= History of industrialisation =

A Watt steam engine, the steam engine fuelled primarily by coal that propelled the Industrial Revolution in the United Kingdom and the world

This article delineates the history of industrialisation.

== Background ==
Most pre-industrial economies had standards of living not much above subsistence, among that the majority of the population were focused on producing their means of survival. For example, in medieval Europe, as much as 80% of the labour force was employed in subsistence agriculture.

Some pre-industrial economies, such as classical Athens, had trade and commerce as significant factors, so native Greeks could enjoy wealth far beyond a sustenance standard of living through the use of slavery. Famines were frequent in most pre-industrial societies, although some, such as the Netherlands and England of the 17th and 18th centuries, the Italian city-states of the 15th century, the medieval Islamic Caliphate, and the ancient Greek and Roman civilisations were able to escape the famine cycle through increasing trade and commercialisation of the agricultural sector. It is estimated that during the 17th century, Netherlands imported nearly 70% of its grain supply; and in the 5th century BC Athens imported three-quarters of its total food supply.

In his 1728 work on the economy of England, A Plan of the English Commerce, Daniel Defoe describes how England developed from being a raw wool producer to the manufacture of finished woolen textiles.
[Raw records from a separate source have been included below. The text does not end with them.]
(* Let $U\in\mathbb{R}^{d\times n}$ be a frame, $z\in\mathbb{R}^n_{++}$ and $T\subseteq[n]$. Then the progress function $h:=h^{U,z}_T$ is (non-strictly) increasing and concave on $(0,\infty)$.
   Context: A frame is a full row rank matrix $U\in\mathbb{R}^{d\times n}$; $Z=\mathrm{diag}(z)$; $U_T,Z_T$ restrictions to $T$; $\bar T=[n]\setminus T$. $h^{U,z}_T(\alpha):=\mathrm{tr}[\alpha U_TZ_TU_T^{\mathsf T}(U_{\bar T}Z_{\bar T}U_{\bar T}^{\mathsf T}+\alpha U_TZ_TU_T^{\mathsf T})^{-1}]$, the sum over $j\in T$ of the leverage scores $\mathrm{lev}^U_j(z\circ(1_{\bar T}+\alpha1_T))$, where $\mathrm{lev}^U_j(w)=w_ju_j^{\mathsf T}(U\,\mathrm{diag}(w)U^{\mathsf T})^{-1}u_j$. *)

theory Defs
  imports "HOL-Analysis.Analysis"
begin

definition frame :: "real^'n^'d \<Rightarrow> bool" where
  "frame U \<longleftrightarrow> rank U = CARD('d)"

definition diag_mat :: "real^'n \<Rightarrow> real^'n^'n" where
  "diag_mat w = (\<chi> i j. if i = j then w $ i else 0)"

text \<open>U_T Z_T U_T^T, written as U diag(z restricted to T, zero elsewhere) U^T,
  i.e. the sum over j in T of z_j u_j u_j^T.\<close>
definition restr_gram :: "real^'n^'d \<Rightarrow> real^'n \<Rightarrow> 'n set \<Rightarrow> real^'d^'d" where
  "restr_gram U z T = U ** diag_mat (\<chi> j. if j \<in> T then z $ j else 0) ** transpose U"

definition progress_fun :: "real^'n^'d \<Rightarrow> real^'n \<Rightarrow> 'n set \<Rightarrow> real \<Rightarrow> real" where
  "progress_fun U z T \<alpha> =
     trace ((\<alpha> *\<^sub>R restr_gram U z T) **
            matrix_inv (restr_gram U z (- T) + \<alpha> *\<^sub>R restr_gram U z T))"

end

theory Submission
  imports Defs
begin

text \<open>Write M(a) = A + a B with A = U_S Z_S U_S^T for the complement S of T and
  B = U_T Z_T U_T^T, so that h(a) = tr((M(a) - A) M(a)^-1) = d - sum_{j in S} z_j u_j^T M(a)^-1 u_j.
  For an invertible positive semidefinite X one has x^T X^-1 x = max_y (2 x^T y - y^T X y),
  the maximum being attained at y = X^-1 x. For X = M(a) this is a pointwise maximum of affine
  functions of a with slopes -y^T B y <= 0, hence a convex nonincreasing function of a;
  so h is concave and nondecreasing.\<close>

lemma matrix_inv_right: "invertible X \<Longrightarrow> X ** matrix_inv X = mat 1"
  unfolding invertible_def matrix_inv_def by (metis (mono_tags, lifting) someI_ex)

lemma convex_on_max_affine:
  fixes q :: "real \<Rightarrow> real" and c p :: "'y \<Rightarrow> real"
  assumes "convex S"
    and upper: "\<And>a y. a \<in> S \<Longrightarrow> c y - a * p y \<le> q a"
    and attained: "\<And>a. a \<in> S \<Longrightarrow> \<exists>y. q a = c y - a * p y"
  shows "convex_on S q"
  unfolding convex_on_def
proof (intro conjI assms ballI allI impI)
  fix a b s t :: real
  assume ab: "a \<in> S" "b \<in> S" and st: "0 \<le> s" "0 \<le> t" "s + t = 1"
  have "s * a + t * b \<in> S"
    using convexD[OF \<open>convex S\<close> ab st] by simp
  then obtain y where y: "q (s * a + t * b) = c y - (s * a + t * b) * p y"
    using attained by auto
  have "c y - (s * a + t * b) * p y = s * (c y - a * p y) + t * (c y - b * p y)"
    using st(3) by (simp add: algebra_simps flip: distrib_right)
  also have "\<dots> \<le> s * q a + t * q b"
    using st upper ab by (intro add_mono mult_left_mono) auto
  finally show "q (s *\<^sub>R a + t *\<^sub>R b) \<le> s * q a + t * q b"
    using y by simp
qed

lemma antimono_on_max_affine:
  fixes q :: "real \<Rightarrow> real" and c p :: "'y \<Rightarrow> real"
  assumes "\<And>y. 0 \<le> p y"
    and upper: "\<And>a y. a \<in> S \<Longrightarrow> c y - a * p y \<le> q a"
    and attained: "\<And>a. a \<in> S \<Longrightarrow> \<exists>y. q a = c y - a * p y"
  shows "antimono_on S q"
proof (rule monotone_onI)
  fix a b assume ab: "a \<in> S" "b \<in> S" "a \<le> b"
  obtain y where "q b = c y - b * p y"
    using attained ab by blast
  moreover have "a * p y \<le> b * p y"
    using ab assms(1) by (simp add: mult_right_mono)
  ultimately show "q b \<le> q a"
    using upper[of a y] ab by linarith
qed

lemma convex_on_nonneg_sum:
  fixes f :: "'i \<Rightarrow> 'a::real_vector \<Rightarrow> real"
  assumes "finite I" "convex S"
    and "\<And>i. i \<in> I \<Longrightarrow> 0 \<le> w i" "\<And>i. i \<in> I \<Longrightarrow> convex_on S (f i)"
  shows "convex_on S (\<lambda>x. \<Sum>i\<in>I. w i * f i x)"
  using assms
  by (induction I rule: finite_induct) (auto simp: convex_on_const intro!: convex_on_add convex_on_cmul)

lemma antimono_on_nonneg_sum:
  fixes f :: "'i \<Rightarrow> 'a::order \<Rightarrow> real"
  assumes "\<And>i. i \<in> I \<Longrightarrow> 0 \<le> w i" "\<And>i. i \<in> I \<Longrightarrow> antimono_on S (f i)"
  shows "antimono_on S (\<lambda>x. \<Sum>i\<in>I. w i * f i x)"
  using assms by (intro monotone_onI sum_mono mult_left_mono) (auto dest: monotone_onD)

lemma mono_on_concave_on_const_minus:
  fixes F h :: "real \<Rightarrow> real"
  assumes "convex S" "convex_on S F" "antimono_on S F" "\<And>x. x \<in> S \<Longrightarrow> h x = c - F x"
  shows "mono_on S h \<and> concave_on S h"
proof
  show "mono_on S h"
    using assms(3,4) by (intro mono_onI) (auto dest: monotone_onD)
  have "concave_on S (\<lambda>x. c - F x)"
    using assms(1,2) by (intro concave_on_diff) (simp_all add: concave_on_const)
  then show "concave_on S h"
    using assms(4) convexD[OF assms(1)] by (simp add: concave_on_iff)
qed

lemma inner_matrix_vector_symmetric:
  fixes X :: "real^'n^'n"
  assumes "transpose X = X"
  shows "x \<bullet> (X *v y) = y \<bullet> (X *v x)"
  by (metis assms dot_lmul_matrix inner_commute transpose_matrix_vector)

lemma inverse_quadratic_form_ge:
  fixes X :: "real^'n^'n"
  assumes "invertible X" "transpose X = X" "\<And>v. 0 \<le> v \<bullet> (X *v v)"
  shows "2 * (x \<bullet> y) - y \<bullet> (X *v y) \<le> x \<bullet> (matrix_inv X *v x)"
proof -
  define w where "w = matrix_inv X *v x"
  have Xw: "X *v w = x"
    by (simp add: w_def matrix_vector_mul_assoc matrix_inv_right assms(1))
  have "0 \<le> (y - w) \<bullet> (X *v (y - w))"
    by (rule assms(3))
  also have "\<dots> = y \<bullet> (X *v y) - 2 * (x \<bullet> y) + x \<bullet> w"
    using inner_matrix_vector_symmetric[OF assms(2), of w y] Xw
    by (simp add: matrix_vector_mult_diff_distrib inner_diff_left inner_diff_right inner_commute)
  finally show ?thesis
    by (simp add: w_def)
qed

lemma inverse_quadratic_form_attained:
  fixes X :: "real^'n^'n" and x :: "real^'n"
  assumes "invertible X"
  defines "w \<equiv> matrix_inv X *v x"
  shows "x \<bullet> (matrix_inv X *v x) = 2 * (x \<bullet> w) - w \<bullet> (X *v w)"
  using assms by (simp add: matrix_vector_mul_assoc matrix_inv_right inner_commute)

lemma inverse_pencil_form_convex_antimono:
  fixes A B :: "real^'n^'n" and x :: "real^'n"
  assumes symm: "transpose A = A" "transpose B = B"
    and psd: "\<And>v. 0 \<le> v \<bullet> (A *v v)" "\<And>v. 0 \<le> v \<bullet> (B *v v)"
    and inv: "\<And>a. a \<in> S \<Longrightarrow> invertible (A + a *\<^sub>R B)"
    and "S \<subseteq> {0..}" "convex S"
  defines "q \<equiv> \<lambda>a. x \<bullet> (matrix_inv (A + a *\<^sub>R B) *v x)"
  shows "convex_on S q" "antimono_on S q"
proof -
  define c where "c y = 2 * (x \<bullet> y) - y \<bullet> (A *v y)" for y
  define p where "p y = y \<bullet> (B *v y)" for y
  have pencil_form: "v \<bullet> ((A + a *\<^sub>R B) *v v) = v \<bullet> (A *v v) + a * p v" for a v
    by (simp add: p_def matrix_vector_mult_add_rdistrib inner_add_right
        flip: scaleR_matrix_vector_assoc)
  have pencil_symmetric: "transpose (A + a *\<^sub>R B) = A + a *\<^sub>R B" for a
    using symm by (simp add: vec_eq_iff transpose_def)
  have upper: "c y - a * p y \<le> q a" if "a \<in> S" for a y
  proof -
    have "0 \<le> v \<bullet> ((A + a *\<^sub>R B) *v v)" for v
      using that \<open>S \<subseteq> {0..}\<close> psd by (auto simp: pencil_form p_def)
    then show ?thesis
      using inverse_quadratic_form_ge[OF inv[OF that] pencil_symmetric, of x y]
      by (simp add: q_def c_def pencil_form)
  qed
  have attained: "\<exists>y. q a = c y - a * p y" if "a \<in> S" for a
  proof
    show "q a = c (matrix_inv (A + a *\<^sub>R B) *v x) - a * p (matrix_inv (A + a *\<^sub>R B) *v x)"
      using inverse_quadratic_form_attained[OF inv[OF that], of x]
      unfolding q_def c_def pencil_form by linarith
  qed
  show "convex_on S q"
    by (rule convex_on_max_affine[OF \<open>convex S\<close> upper attained])
  show "antimono_on S q"
    by (rule antimono_on_max_affine[OF psd(2)[folded p_def] upper attained])
qed

lemma invertible_if_positive_definite:
  fixes X :: "real^'n^'n"
  assumes "\<And>y. y \<noteq> 0 \<Longrightarrow> 0 < y \<bullet> (X *v y)"
  shows "invertible X"
proof -
  have "\<forall>y. X *v y = 0 \<longrightarrow> y = 0"
    using assms by (metis inner_zero_right less_irrefl)
  then show ?thesis
    by (simp add: invertible_left_inverse matrix_left_invertible_ker)
qed

lemma trace_mult_matrix_inv_sum:
  fixes A B :: "real^'n^'n"
  assumes "invertible (A + B)"
  shows "trace (B ** matrix_inv (A + B)) = CARD('n) - trace (A ** matrix_inv (A + B))"
proof -
  have "trace (A ** matrix_inv (A + B)) + trace (B ** matrix_inv (A + B))
      = trace ((A + B) ** matrix_inv (A + B))"
    by (simp add: trace_def matrix_matrix_mult_def sum.distrib distrib_right)
  also have "\<dots> = CARD('n)"
    by (simp add: matrix_inv_right assms trace_I)
  finally show ?thesis
    by simp
qed

definition gram :: "real^'n^'d \<Rightarrow> real^'n \<Rightarrow> real^'d^'d" where
  "gram U w = U ** diag_mat w ** transpose U"

lemma gram_component: "gram U w $ i $ k = (\<Sum>j\<in>UNIV. U$i$j * w$j * U$k$j)"
  unfolding gram_def matrix_matrix_mult_def diag_mat_def transpose_def
  by (simp add: if_distrib sum.delta cong: if_cong)

lemma transpose_gram: "transpose (gram U w) = gram U w"
  by (simp add: vec_eq_iff transpose_def gram_component mult_ac)

lemma gram_add_scaleR: "gram U (v + a *\<^sub>R w) = gram U v + a *\<^sub>R gram U w"
  by (simp add: vec_eq_iff gram_component algebra_simps sum.distrib sum_distrib_left)

lemma inner_gram: "y \<bullet> (gram U w *v y) = (\<Sum>j\<in>UNIV. w$j * (column j U \<bullet> y)\<^sup>2)"
proof -
  have "y \<bullet> (gram U w *v y) = (\<Sum>i\<in>UNIV. \<Sum>k\<in>UNIV. \<Sum>j\<in>UNIV. y$i * U$i$j * w$j * U$k$j * y$k)"
    by (simp add: inner_vec_def matrix_vector_mult_def gram_component sum_distrib_left
        sum_distrib_right mult_ac)
  also have "\<dots> = (\<Sum>j\<in>UNIV. \<Sum>i\<in>UNIV. \<Sum>k\<in>UNIV. y$i * U$i$j * w$j * U$k$j * y$k)"
    by (rule trans, rule sum.cong[OF refl], rule sum.swap, rule sum.swap)
  also have "\<dots> = (\<Sum>j\<in>UNIV. w$j * (column j U \<bullet> y)\<^sup>2)"
    by (simp add: column_def inner_vec_def power2_eq_square sum_product sum_distrib_left mult_ac)
  finally show ?thesis .
qed

lemma gram_nonneg:
  assumes "\<And>j. 0 \<le> w$j"
  shows "0 \<le> y \<bullet> (gram U w *v y)"
  unfolding inner_gram by (intro sum_nonneg mult_nonneg_nonneg assms zero_le_power2)

lemma gram_pos:
  assumes "frame U" "\<And>j. 0 < w$j" "y \<noteq> 0"
  shows "0 < y \<bullet> (gram U w *v y)"
proof -
  have "inj ((*v) (transpose U))"
    using assms(1) by (simp add: frame_def full_rank_injective[symmetric] rank_transpose)
  then have "transpose U *v y \<noteq> 0"
    using assms(3) by (metis inj_eq matrix_vector_mult_0_right)
  then obtain j where "column j U \<bullet> y \<noteq> 0"
    by (auto simp: vec_eq_iff column_def inner_vec_def matrix_vector_mult_def transpose_def mult_ac)
  then have "0 < w$j * (column j U \<bullet> y)\<^sup>2"
    using assms(2) by simp
  then show ?thesis
    unfolding inner_gram
    by (rule sum_pos2[OF finite UNIV_I]) (simp add: assms(2) less_imp_le)
qed

lemma invertible_gram:
  assumes "frame U" "\<And>j. 0 < w$j"
  shows "invertible (gram U w)"
  using gram_pos[OF assms] by (rule invertible_if_positive_definite)

lemma trace_gram_mult:
  "trace (gram U w ** X) = (\<Sum>j\<in>UNIV. w$j * (column j U \<bullet> (X *v column j U)))"
proof -
  have "trace (gram U w ** X) = (\<Sum>k\<in>UNIV. \<Sum>i\<in>UNIV. \<Sum>j\<in>UNIV. X$k$i * (U$i$j * w$j * U$k$j))"
    unfolding trace_mul_sym[of "gram U w"]
    by (simp add: trace_def matrix_matrix_mult_def gram_component sum_distrib_left)
  also have "\<dots> = (\<Sum>j\<in>UNIV. \<Sum>k\<in>UNIV. \<Sum>i\<in>UNIV. X$k$i * (U$i$j * w$j * U$k$j))"
    by (rule trans, rule sum.cong[OF refl], rule sum.swap, rule sum.swap)
  also have "\<dots> = (\<Sum>j\<in>UNIV. w$j * (column j U \<bullet> (X *v column j U)))"
    by (simp add: column_def inner_vec_def matrix_vector_mult_def sum_distrib_left
        sum_distrib_right mult_ac)
  finally show ?thesis .
qed

lemma restr_gram_eq_gram: "restr_gram U z T = gram U (\<chi> j. if j \<in> T then z$j else 0)"
  by (simp add: restr_gram_def gram_def)

lemma transpose_restr_gram: "transpose (restr_gram U z T) = restr_gram U z T"
  by (simp add: restr_gram_eq_gram transpose_gram)

lemma restr_gram_nonneg:
  assumes "\<And>j. 0 \<le> z$j"
  shows "0 \<le> v \<bullet> (restr_gram U z T *v v)"
  unfolding restr_gram_eq_gram using assms by (intro gram_nonneg) simp

lemma invertible_restr_gram_pencil:
  assumes "frame U" "\<And>j. 0 < z$j" "0 < a"
  shows "invertible (restr_gram U z (- T) + a *\<^sub>R restr_gram U z T)"
  unfolding restr_gram_eq_gram gram_add_scaleR[symmetric]
  using assms by (intro invertible_gram) auto

lemma progress_fun_eq:
  fixes U :: "real^'n^'d"
  assumes "frame U" "\<And>j. 0 < z$j" "0 < a"
  shows "progress_fun U z T a = CARD('d) - (\<Sum>j\<in>UNIV. (if j \<notin> T then z$j else 0) *
      (column j U \<bullet> (matrix_inv (restr_gram U z (- T) + a *\<^sub>R restr_gram U z T) *v column j U)))"
  using trace_mult_matrix_inv_sum[OF invertible_restr_gram_pencil[OF assms, of T]]
  by (simp add: progress_fun_def trace_gram_mult restr_gram_eq_gram[of U z "- T"])

theorem corollary2p17:
  fixes U :: "real^'n^'d" and z :: "real^'n" and T :: "'n set"
  assumes "frame U"
    and "\<forall>j. z $ j > 0"
  shows "mono_on {0<..} (progress_fun U z T) \<and> concave_on {0<..} (progress_fun U z T)"
proof -
  define q where "q j a =
    column j U \<bullet> (matrix_inv (restr_gram U z (- T) + a *\<^sub>R restr_gram U z T) *v column j U)"
    for j a
  define F where "F a = (\<Sum>j\<in>UNIV. (if j \<notin> T then z$j else 0) * q j a)" for a
  have z_pos: "0 < z$j" for j
    using assms(2) by simp
  have "convex_on {0<..} (q j) \<and> antimono_on {0<..} (q j)" for j
    unfolding q_def using z_pos assms(1)
    by (intro conjI inverse_pencil_form_convex_antimono transpose_restr_gram restr_gram_nonneg
        invertible_restr_gram_pencil) (auto intro: less_imp_le)
  then have "convex_on {0<..} F" "antimono_on {0<..} F"
    unfolding F_def
    by (auto intro!: convex_on_nonneg_sum antimono_on_nonneg_sum simp: z_pos less_imp_le)
  moreover have "progress_fun U z T a = CARD('d) - F a" if "a \<in> {0<..}" for a
    using progress_fun_eq[OF assms(1) z_pos] that by (simp add: F_def q_def)
  ultimately show ?thesis
    by (intro mono_on_concave_on_const_minus) auto
qed

end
Defoe writes that Tudor monarchs, especially Henry VII of England and Elizabeth I, implemented policies that today would be described as protectionist, such as imposing high tariffs on the importation of finished woolen goods, imposing high taxes on raw wool exports leaving England, bringing in artisans skilled in wool textile manufacturing from the Low Countries, awarding selective government-granted monopoly rights in geographic areas of England deemed suitable for textile industrial production, and granting government-sponsored industrial espionage to develop the early English textile industry.

Industrialisation through innovation in manufacturing processes first started with the Industrial Revolution in the north-west and Midlands of England in the 18th century. It spread to Europe and North America in the 19th century.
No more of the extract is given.